Monday, May 4, 2015

Firm Balance Sheets and Unemployment in the Great Recession

The balance sheets of households and financial firms have received a lot of emphasis in research on the Great Recession. The balance sheets of non-financial firms, in contrast, have received less attention. At first glance, this is perfectly reasonable; households and financial firms had high and rising leverage in the years leading up to the Great Recession, while non-financial firms' leverage remained constant (Figure 1, below).

New research by Xavier Giroud and Holger M. Mueller argues that the flat trendline for non-financial firms' leverage obscures substantial variation across firms, which proves important to understanding employment in the recession.
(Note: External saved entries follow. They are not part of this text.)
(* Let $q$ be odd, $\alpha,\beta\in\mathbb{F}_{q^2}$ with $\alpha\ne0$ and $(\beta^q-\beta)^2+4\alpha^{q+1}$ a nonsquare in $\mathbb{F}_q$, let $R_1=(0,\epsilon,1)$, $U_\infty=(1,0,0)$, and let $\ell$ be a line of $\mathrm{PG}(2,q^2)$ through $U_\infty$. (1) If $\alpha$ is a nonsquare in $\mathbb{F}_{q^2}$, then $|\ell\cap\mathrm{pedal}(R_1)|\in\{0,2\}$. (2) If $\alpha$ is a nonzero square in $\mathbb{F}_{q^2}$, then $|\ell\cap\mathrm{pedal}(R_1)|\in\{0,2,4\}$. Further, there exist at least $\frac{q-3}{4}$ lines meeting $\mathrm{pedal}(R_1)$ in exactly $4$ points, and every such line passes through $U_\infty$.
   Context: Points of $\mathrm{PG}(2,q^2)$ have homogeneous coordinates $(x,y,z)$. $\zeta$ is a primitive element of $\mathbb{F}_{q^2}$ and $\epsilon=\zeta^{(q+1)/2}$. $\mathcal U_{\alpha\beta}=\{(x,\alpha x^2+\beta x^{q+1}+r,1): x\in\mathbb{F}_{q^2}, r\in\mathbb{F}_q\}\cup\{(0,1,0)\}$, which under the hypotheses is a unital (a set of $q^3+1$ points meeting every line in $1$ or $q+1$ points), and $R_1\notin\mathcal U_{\alpha\beta}$. For a point $P$ not on the unital, $\mathrm{pedal}(P)$ is the set of points of contact of the $q+1$ tangent lines (lines meeting the unital in exactly one point) through $P$. *)

theory Defs
  imports Complex_Main
begin

definition smul3 :: "'a::field \<Rightarrow> 'a \<times> 'a \<times> 'a \<Rightarrow> 'a \<times> 'a \<times> 'a" where
  "smul3 c v = (case v of (x, y, z) \<Rightarrow> (c * x, c * y, c * z))"

definition pt :: "'a::field \<times> 'a \<times> 'a \<Rightarrow> ('a \<times> 'a \<times> 'a) set" where
  "pt v = {smul3 c v | c. c \<noteq> 0}"

definition pg_points :: "('a::field \<times> 'a \<times> 'a) set set" where
  "pg_points = {pt v | v. v \<noteq> (0, 0, 0)}"

definition line_of :: "'a::field \<times> 'a \<times> 'a \<Rightarrow> ('a \<times> 'a \<times> 'a) set set" where
  "line_of w = (case w of (a, b, c) \<Rightarrow>
     {pt (x, y, z) | x y z. (x, y, z) \<noteq> (0, 0, 0) \<and> a * x + b * y + c * z = 0})"

definition pg_lines :: "('a::field \<times> 'a \<times> 'a) set set set" where
  "pg_lines = {line_of w | w. w \<noteq> (0, 0, 0)}"

definition subfield_q :: "nat \<Rightarrow> 'a::field set" where
  "subfield_q q = {x. x ^ q = x}"

definition primitive_elem :: "'a::field \<Rightarrow> bool" where
  "primitive_elem z \<longleftrightarrow> (\<forall>x. x \<noteq> 0 \<longrightarrow> (\<exists>k::nat. x = z ^ k))"

definition is_square :: "'a::field \<Rightarrow> bool" where
  "is_square a \<longleftrightarrow> (\<exists>y. y ^ 2 = a)"

definition nonsquare_in_Fq :: "nat \<Rightarrow> 'a::field \<Rightarrow> bool" where
  "nonsquare_in_Fq q d \<longleftrightarrow> d \<in> subfield_q q \<and> \<not> (\<exists>y \<in> subfield_q q. y ^ 2 = d)"

definition unital_ab :: "nat \<Rightarrow> 'a::field \<Rightarrow> 'a \<Rightarrow> ('a \<times> 'a \<times> 'a) set set" where
  "unital_ab q \<alpha> \<beta> =
     {pt (x, \<alpha> * x ^ 2 + \<beta> * x ^ (q + 1) + r, 1) | x r. r \<in> subfield_q q} \<union> {pt (0, 1, 0)}"

definition tangent_line :: "('a::field \<times> 'a \<times> 'a) set set \<Rightarrow> ('a \<times> 'a \<times> 'a) set set \<Rightarrow> bool" where
  "tangent_line U L \<longleftrightarrow> L \<in> pg_lines \<and> card (L \<inter> U) = 1"

definition pedal :: "('a::field \<times> 'a \<times> 'a) set set \<Rightarrow> ('a \<times> 'a \<times> 'a) set \<Rightarrow> ('a \<times> 'a \<times> 'a) set set" where
  "pedal U P = {Q. \<exists>L. tangent_line U L \<and> P \<in> L \<and> L \<inter> U = {Q}}"

end

theory Submission
  imports Defs "HOL-Library.Cardinality" "HOL-Computational_Algebra.Primes"
    "HOL-Computational_Algebra.Polynomial" "HOL-Number_Theory.Cong"
begin

text \<open>
  Write \<open>frob x = x\<^sup>q\<close>, \<open>\<delta> = frob \<beta> - \<beta>\<close> and \<open>disc = \<delta>\<^sup>2 + 4 \<alpha> frob \<alpha>\<close>, a nonsquare of \<open>F\<^sub>q\<close>.
  Every line through \<open>R\<^sub>1 = (0, \<epsilon>, 1)\<close> other than \<open>x = 0\<close> is \<open>y = m x + \<epsilon>\<close> with
  \<open>m = 2 \<alpha> c - \<delta> frob c\<close> for a unique \<open>c\<close>, and it meets the unital in the points with
  \<open>qf (x - c) = qf c - 2 \<epsilon>\<close>, where \<open>qf c = frob \<alpha> (frob c)\<^sup>2 - \<alpha> c\<^sup>2 + \<delta> c frob c\<close> is anisotropic
  because \<open>disc\<close> is a nonsquare. So the line is tangent iff \<open>qf c = 2 \<epsilon>\<close>, and then it touches
  the unital at \<open>(c, height c + \<epsilon>)\<close> with \<open>height c = 2 \<alpha> c\<^sup>2 - \<delta> c frob c\<close>; since \<open>qf\<close> is a
  multiple of a norm, the pedal has \<open>q + 1\<close> points.

  A line through \<open>U\<^sub>\<infinity>\<close> is \<open>z = 0\<close> or \<open>y = k\<close>, and its pedal points are the \<open>c\<close> with
  \<open>qf c = 2 \<epsilon>\<close> and \<open>height c = k - \<epsilon>\<close>. They come in pairs \<open>\<plusminus>c\<close>, their norms \<open>c frob c\<close> are
  roots of a quadratic over \<open>F\<^sub>q\<close>, and raising \<open>c\<^sup>2 = (height c + \<delta> c frob c) / (2 \<alpha>)\<close> to the
  power \<open>(q + 1)/2\<close> shows that both roots are attained exactly when \<open>\<alpha>\<close> is a square. In the
  square case exactly two points require a double root, which happens for at most two values
  of \<open>k\<close>, and counting the \<open>q + 1\<close> pedal points gives at least \<open>(q - 3)/4\<close> lines with four.
  A line not through \<open>U\<^sub>\<infinity>\<close> carries at most two pedal points, since along it \<open>qf\<close> is
  quadratic in an \<open>F\<^sub>q\<close>-parameter with a known root.
\<close>

section \<open>Finite fields\<close>

lemma power_card_UNIV_eq_self:
  fixes x :: "'a::{field,finite}"
  shows "x ^ CARD('a) = x"
proof (cases "x = 0")
  case True
  then show ?thesis by (simp add: finite_UNIV_card_ge_0)
next
  case False
  let ?U = "UNIV - {0::'a}"
  have "(\<Prod>y\<in>?U. x * y) = (\<Prod>y\<in>?U. y)"
    by (rule prod.reindex_bij_witness[of _ "\<lambda>y. y / x" "\<lambda>y. x * y"]) (use False in auto)
  then have "(\<Prod>y\<in>?U. y) = (\<Prod>y\<in>?U. x * y)" ..
  also have "\<dots> = x ^ card ?U * (\<Prod>y\<in>?U. y)"
    by (simp add: prod.distrib)
  finally have "1 * (\<Prod>y\<in>?U. y) = x ^ card ?U * (\<Prod>y\<in>?U. y)" by simp
  moreover have "(\<Prod>y\<in>?U. y) \<noteq> 0" by simp
  ultimately have "1 = x ^ card ?U" by (rule mult_right_cancel[THEN iffD1, rotated])
  moreover have "CARD('a) = Suc (card ?U)"
    using finite_UNIV_card_ge_0[where 'a = 'a] by (simp add: card_Diff_singleton)
  ultimately show ?thesis by (metis power_Suc mult_1_right)
qed

lemma power_card_UNIV_minus_1:
  fixes x :: "'a::{field,finite}"
  assumes "x \<noteq> 0"
  shows "x ^ (CARD('a) - 1) = 1"
proof -
  have "CARD('a) = Suc (CARD('a) - 1)"
    using finite_UNIV_card_ge_0[where 'a = 'a] by simp
  then have "x ^ (CARD('a) - 1) * x = x"
    using power_card_UNIV_eq_self[of x] by (metis power_Suc2)
  then show ?thesis using assms by simp
qed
Some firms saw large increases in leverage prior to the recession and others large declines. Using an establishment-level dataset with more than a quarter million observations, Giroud and Mueller find that "firms that tightened their debt capacity in the run-up ('high-leverage firms') exhibit a significantly larger decline in employment in response to household demand shocks than firms that freed up debt capacity ('low-leverage firms')."
The authors emphasize that "we do not mean to argue that household balance sheets or those of financial intermediaries are unimportant. On the contrary, our results are consistent with the view that falling house prices lead to a drop in consumer demand by households (Mian, Rao, and Sufi (2013)), with important consequences for employment (Mian and Sufi (2014)). But households do not lay off workers. Firms do. Thus, the extent to which demand shocks by households translate into employment losses depends on how firms respond to these shocks."

Firms' responses to household demand shocks depend largely on their balance sheets. Low-leverage firms were able to increase their borrowing during the recession to avoid reducing employment, while high-leverage firms were financially constrained and could not raise external funds to avoid reducing employment and cutting back investment:
"In fact, all of the job losses associated with falling house prices are concentrated among establishments of high-leverage firms. By contrast, there is no significant association between changes in house prices and changes in employment during the Great Recession among establishments of low-leverage firms."